▶ [RECORDED INFORMATION]:
= Beginning of Section =

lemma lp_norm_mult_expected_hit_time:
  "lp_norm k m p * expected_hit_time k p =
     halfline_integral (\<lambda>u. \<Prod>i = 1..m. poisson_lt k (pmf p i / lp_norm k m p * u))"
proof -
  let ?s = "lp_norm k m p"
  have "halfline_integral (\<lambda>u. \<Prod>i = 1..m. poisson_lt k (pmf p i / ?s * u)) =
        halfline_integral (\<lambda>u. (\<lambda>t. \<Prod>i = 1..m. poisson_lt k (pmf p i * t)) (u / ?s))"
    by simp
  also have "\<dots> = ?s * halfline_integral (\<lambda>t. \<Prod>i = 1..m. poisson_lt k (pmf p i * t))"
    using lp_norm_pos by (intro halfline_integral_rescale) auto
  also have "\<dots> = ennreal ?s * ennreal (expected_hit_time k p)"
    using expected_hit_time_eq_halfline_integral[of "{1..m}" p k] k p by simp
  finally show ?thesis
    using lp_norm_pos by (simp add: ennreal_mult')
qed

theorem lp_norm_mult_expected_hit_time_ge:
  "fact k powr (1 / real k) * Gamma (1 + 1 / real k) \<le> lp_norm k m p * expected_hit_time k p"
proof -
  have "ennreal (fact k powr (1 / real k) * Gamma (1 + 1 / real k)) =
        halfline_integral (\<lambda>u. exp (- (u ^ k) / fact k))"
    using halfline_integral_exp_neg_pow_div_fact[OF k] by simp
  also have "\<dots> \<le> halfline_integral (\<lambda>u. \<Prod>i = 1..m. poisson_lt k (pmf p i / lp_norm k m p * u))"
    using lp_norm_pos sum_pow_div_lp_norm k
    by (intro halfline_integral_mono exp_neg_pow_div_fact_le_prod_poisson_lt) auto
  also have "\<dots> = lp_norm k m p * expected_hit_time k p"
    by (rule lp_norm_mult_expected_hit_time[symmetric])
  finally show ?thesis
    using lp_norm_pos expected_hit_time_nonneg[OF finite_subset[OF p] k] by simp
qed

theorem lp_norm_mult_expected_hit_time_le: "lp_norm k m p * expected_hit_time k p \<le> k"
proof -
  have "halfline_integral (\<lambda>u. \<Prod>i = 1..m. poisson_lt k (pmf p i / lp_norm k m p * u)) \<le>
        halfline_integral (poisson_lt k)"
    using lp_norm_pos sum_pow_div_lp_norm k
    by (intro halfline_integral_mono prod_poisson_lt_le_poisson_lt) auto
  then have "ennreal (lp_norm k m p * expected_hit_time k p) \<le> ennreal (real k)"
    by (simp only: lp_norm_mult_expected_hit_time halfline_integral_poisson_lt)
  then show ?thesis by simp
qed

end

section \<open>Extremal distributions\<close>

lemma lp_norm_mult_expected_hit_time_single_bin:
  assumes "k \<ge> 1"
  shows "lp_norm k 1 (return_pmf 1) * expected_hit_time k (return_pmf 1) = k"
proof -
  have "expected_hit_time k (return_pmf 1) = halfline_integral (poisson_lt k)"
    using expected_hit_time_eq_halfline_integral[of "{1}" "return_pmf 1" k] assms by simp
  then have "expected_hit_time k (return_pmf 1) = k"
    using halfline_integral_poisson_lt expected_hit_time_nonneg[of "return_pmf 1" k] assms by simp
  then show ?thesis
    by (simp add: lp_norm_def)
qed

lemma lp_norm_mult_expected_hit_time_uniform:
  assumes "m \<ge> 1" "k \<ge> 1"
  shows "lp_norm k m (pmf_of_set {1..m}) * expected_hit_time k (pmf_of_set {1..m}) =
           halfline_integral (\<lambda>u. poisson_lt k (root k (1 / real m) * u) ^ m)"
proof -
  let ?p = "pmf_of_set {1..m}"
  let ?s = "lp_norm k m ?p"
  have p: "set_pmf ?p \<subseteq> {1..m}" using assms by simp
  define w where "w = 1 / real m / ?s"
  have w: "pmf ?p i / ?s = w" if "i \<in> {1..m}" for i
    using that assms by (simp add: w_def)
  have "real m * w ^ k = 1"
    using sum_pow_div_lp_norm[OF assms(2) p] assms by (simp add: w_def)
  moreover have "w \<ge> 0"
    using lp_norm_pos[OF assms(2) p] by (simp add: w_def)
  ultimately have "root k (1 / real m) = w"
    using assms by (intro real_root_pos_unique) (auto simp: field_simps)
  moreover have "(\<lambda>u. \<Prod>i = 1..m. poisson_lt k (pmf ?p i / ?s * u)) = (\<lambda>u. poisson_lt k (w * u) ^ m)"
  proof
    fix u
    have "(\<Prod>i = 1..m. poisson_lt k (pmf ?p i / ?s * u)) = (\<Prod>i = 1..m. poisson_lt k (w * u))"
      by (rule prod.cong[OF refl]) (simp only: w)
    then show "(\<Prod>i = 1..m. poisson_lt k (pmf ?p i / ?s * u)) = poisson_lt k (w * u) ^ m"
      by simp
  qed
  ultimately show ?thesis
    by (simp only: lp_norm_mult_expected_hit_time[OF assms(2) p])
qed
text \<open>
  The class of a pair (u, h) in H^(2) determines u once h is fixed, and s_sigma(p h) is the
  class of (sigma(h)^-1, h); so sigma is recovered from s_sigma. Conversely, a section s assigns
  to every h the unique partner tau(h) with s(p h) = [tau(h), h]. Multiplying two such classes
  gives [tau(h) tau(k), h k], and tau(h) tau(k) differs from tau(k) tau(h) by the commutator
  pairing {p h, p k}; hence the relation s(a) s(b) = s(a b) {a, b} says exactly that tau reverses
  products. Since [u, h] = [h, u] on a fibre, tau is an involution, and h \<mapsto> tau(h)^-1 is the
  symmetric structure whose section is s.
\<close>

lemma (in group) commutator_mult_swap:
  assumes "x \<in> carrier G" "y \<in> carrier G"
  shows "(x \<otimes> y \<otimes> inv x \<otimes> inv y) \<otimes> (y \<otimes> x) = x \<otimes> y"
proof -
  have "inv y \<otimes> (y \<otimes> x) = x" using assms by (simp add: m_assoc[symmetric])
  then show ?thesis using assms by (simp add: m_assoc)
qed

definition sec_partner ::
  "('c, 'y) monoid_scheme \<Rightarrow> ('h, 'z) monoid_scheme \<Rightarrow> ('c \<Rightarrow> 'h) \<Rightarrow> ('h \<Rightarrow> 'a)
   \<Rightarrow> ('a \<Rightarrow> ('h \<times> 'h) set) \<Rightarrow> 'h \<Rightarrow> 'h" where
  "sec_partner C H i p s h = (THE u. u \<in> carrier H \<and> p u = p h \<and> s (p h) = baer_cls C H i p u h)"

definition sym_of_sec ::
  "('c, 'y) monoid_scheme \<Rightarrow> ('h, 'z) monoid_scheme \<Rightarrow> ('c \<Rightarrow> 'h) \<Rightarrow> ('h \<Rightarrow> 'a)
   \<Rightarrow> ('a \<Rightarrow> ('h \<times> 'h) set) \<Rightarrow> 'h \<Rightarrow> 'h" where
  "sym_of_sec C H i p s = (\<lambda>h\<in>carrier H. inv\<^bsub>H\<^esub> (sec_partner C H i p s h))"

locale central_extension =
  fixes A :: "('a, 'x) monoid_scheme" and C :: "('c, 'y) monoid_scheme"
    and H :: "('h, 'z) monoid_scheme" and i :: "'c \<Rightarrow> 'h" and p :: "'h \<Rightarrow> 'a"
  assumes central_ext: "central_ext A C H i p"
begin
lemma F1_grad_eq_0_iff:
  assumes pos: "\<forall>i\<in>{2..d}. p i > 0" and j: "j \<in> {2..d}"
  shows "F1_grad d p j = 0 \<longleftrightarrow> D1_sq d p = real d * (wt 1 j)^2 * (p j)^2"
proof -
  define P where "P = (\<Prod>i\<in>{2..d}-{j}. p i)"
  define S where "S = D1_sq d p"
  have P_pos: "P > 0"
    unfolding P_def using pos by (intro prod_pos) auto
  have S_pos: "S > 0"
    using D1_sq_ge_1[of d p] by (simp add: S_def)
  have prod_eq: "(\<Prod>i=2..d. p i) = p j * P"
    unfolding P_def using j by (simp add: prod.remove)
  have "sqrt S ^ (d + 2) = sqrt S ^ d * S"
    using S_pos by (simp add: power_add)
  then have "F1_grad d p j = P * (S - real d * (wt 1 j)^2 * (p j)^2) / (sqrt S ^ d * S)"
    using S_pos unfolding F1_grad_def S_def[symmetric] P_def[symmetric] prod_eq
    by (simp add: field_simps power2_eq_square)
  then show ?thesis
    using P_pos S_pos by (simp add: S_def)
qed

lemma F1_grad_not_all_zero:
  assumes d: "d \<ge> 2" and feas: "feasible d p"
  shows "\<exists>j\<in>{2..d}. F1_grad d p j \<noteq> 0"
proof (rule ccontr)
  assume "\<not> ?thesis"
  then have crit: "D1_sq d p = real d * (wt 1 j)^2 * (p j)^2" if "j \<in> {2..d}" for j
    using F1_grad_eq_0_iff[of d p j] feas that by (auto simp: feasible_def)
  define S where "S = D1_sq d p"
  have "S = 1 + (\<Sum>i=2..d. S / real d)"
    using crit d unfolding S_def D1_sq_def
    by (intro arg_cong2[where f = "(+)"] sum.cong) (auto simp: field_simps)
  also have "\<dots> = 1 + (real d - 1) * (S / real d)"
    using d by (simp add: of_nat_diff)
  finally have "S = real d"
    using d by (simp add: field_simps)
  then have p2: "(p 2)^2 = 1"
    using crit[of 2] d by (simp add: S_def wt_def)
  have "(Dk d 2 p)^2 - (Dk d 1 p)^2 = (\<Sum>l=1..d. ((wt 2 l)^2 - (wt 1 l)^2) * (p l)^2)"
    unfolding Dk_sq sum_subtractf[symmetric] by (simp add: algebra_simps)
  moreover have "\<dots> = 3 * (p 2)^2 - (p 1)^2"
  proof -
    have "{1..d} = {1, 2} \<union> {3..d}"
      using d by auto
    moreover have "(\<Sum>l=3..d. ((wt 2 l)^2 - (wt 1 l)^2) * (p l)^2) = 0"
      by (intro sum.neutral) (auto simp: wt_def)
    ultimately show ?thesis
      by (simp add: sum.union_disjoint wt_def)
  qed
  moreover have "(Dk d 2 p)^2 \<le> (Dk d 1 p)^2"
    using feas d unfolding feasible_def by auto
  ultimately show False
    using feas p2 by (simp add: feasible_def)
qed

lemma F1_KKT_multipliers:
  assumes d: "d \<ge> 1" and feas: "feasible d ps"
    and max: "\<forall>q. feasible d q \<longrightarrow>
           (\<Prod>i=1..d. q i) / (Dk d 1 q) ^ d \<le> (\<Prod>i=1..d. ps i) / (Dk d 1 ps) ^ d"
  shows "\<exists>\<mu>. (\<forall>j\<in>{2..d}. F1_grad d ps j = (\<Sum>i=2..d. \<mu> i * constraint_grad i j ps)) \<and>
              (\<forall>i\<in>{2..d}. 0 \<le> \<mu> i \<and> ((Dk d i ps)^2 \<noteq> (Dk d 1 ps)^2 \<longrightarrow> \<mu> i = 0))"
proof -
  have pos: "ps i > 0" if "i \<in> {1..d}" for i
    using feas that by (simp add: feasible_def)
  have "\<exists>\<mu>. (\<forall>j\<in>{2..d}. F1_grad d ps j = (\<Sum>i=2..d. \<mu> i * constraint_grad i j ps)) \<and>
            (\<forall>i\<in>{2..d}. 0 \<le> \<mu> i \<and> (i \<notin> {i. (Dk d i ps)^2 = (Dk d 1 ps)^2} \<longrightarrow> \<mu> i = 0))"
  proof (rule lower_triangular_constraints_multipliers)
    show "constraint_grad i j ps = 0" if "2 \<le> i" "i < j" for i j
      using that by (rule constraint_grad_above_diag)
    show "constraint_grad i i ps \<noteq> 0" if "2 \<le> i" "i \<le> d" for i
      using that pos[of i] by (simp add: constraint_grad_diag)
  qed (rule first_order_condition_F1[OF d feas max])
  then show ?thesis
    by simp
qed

= End of Section =

Retype exactly the lines above, from the one with "(pmf p i / ?s" through the one with "(fact k powr", inclusive.

▶ [SOLUTION TO THIS TASK]:
  have "halfline_integral (\<lambda>u. \<Prod>i = 1..m. poisson_lt k (pmf p i / ?s * u)) =
        halfline_integral (\<lambda>u. (\<lambda>t. \<Prod>i = 1..m. poisson_lt k (pmf p i * t)) (u / ?s))"
    by simp
  also have "\<dots> = ?s * halfline_integral (\<lambda>t. \<Prod>i = 1..m. poisson_lt k (pmf p i * t))"
    using lp_norm_pos by (intro halfline_integral_rescale) auto
  also have "\<dots> = ennreal ?s * ennreal (expected_hit_time k p)"
    using expected_hit_time_eq_halfline_integral[of "{1..m}" p k] k p by simp
  finally show ?thesis
    using lp_norm_pos by (simp add: ennreal_mult')
qed

theorem lp_norm_mult_expected_hit_time_ge:
  "fact k powr (1 / real k) * Gamma (1 + 1 / real k) \<le> lp_norm k m p * expected_hit_time k p"
proof -
  have "ennreal (fact k powr (1 / real k) * Gamma (1 + 1 / real k)) =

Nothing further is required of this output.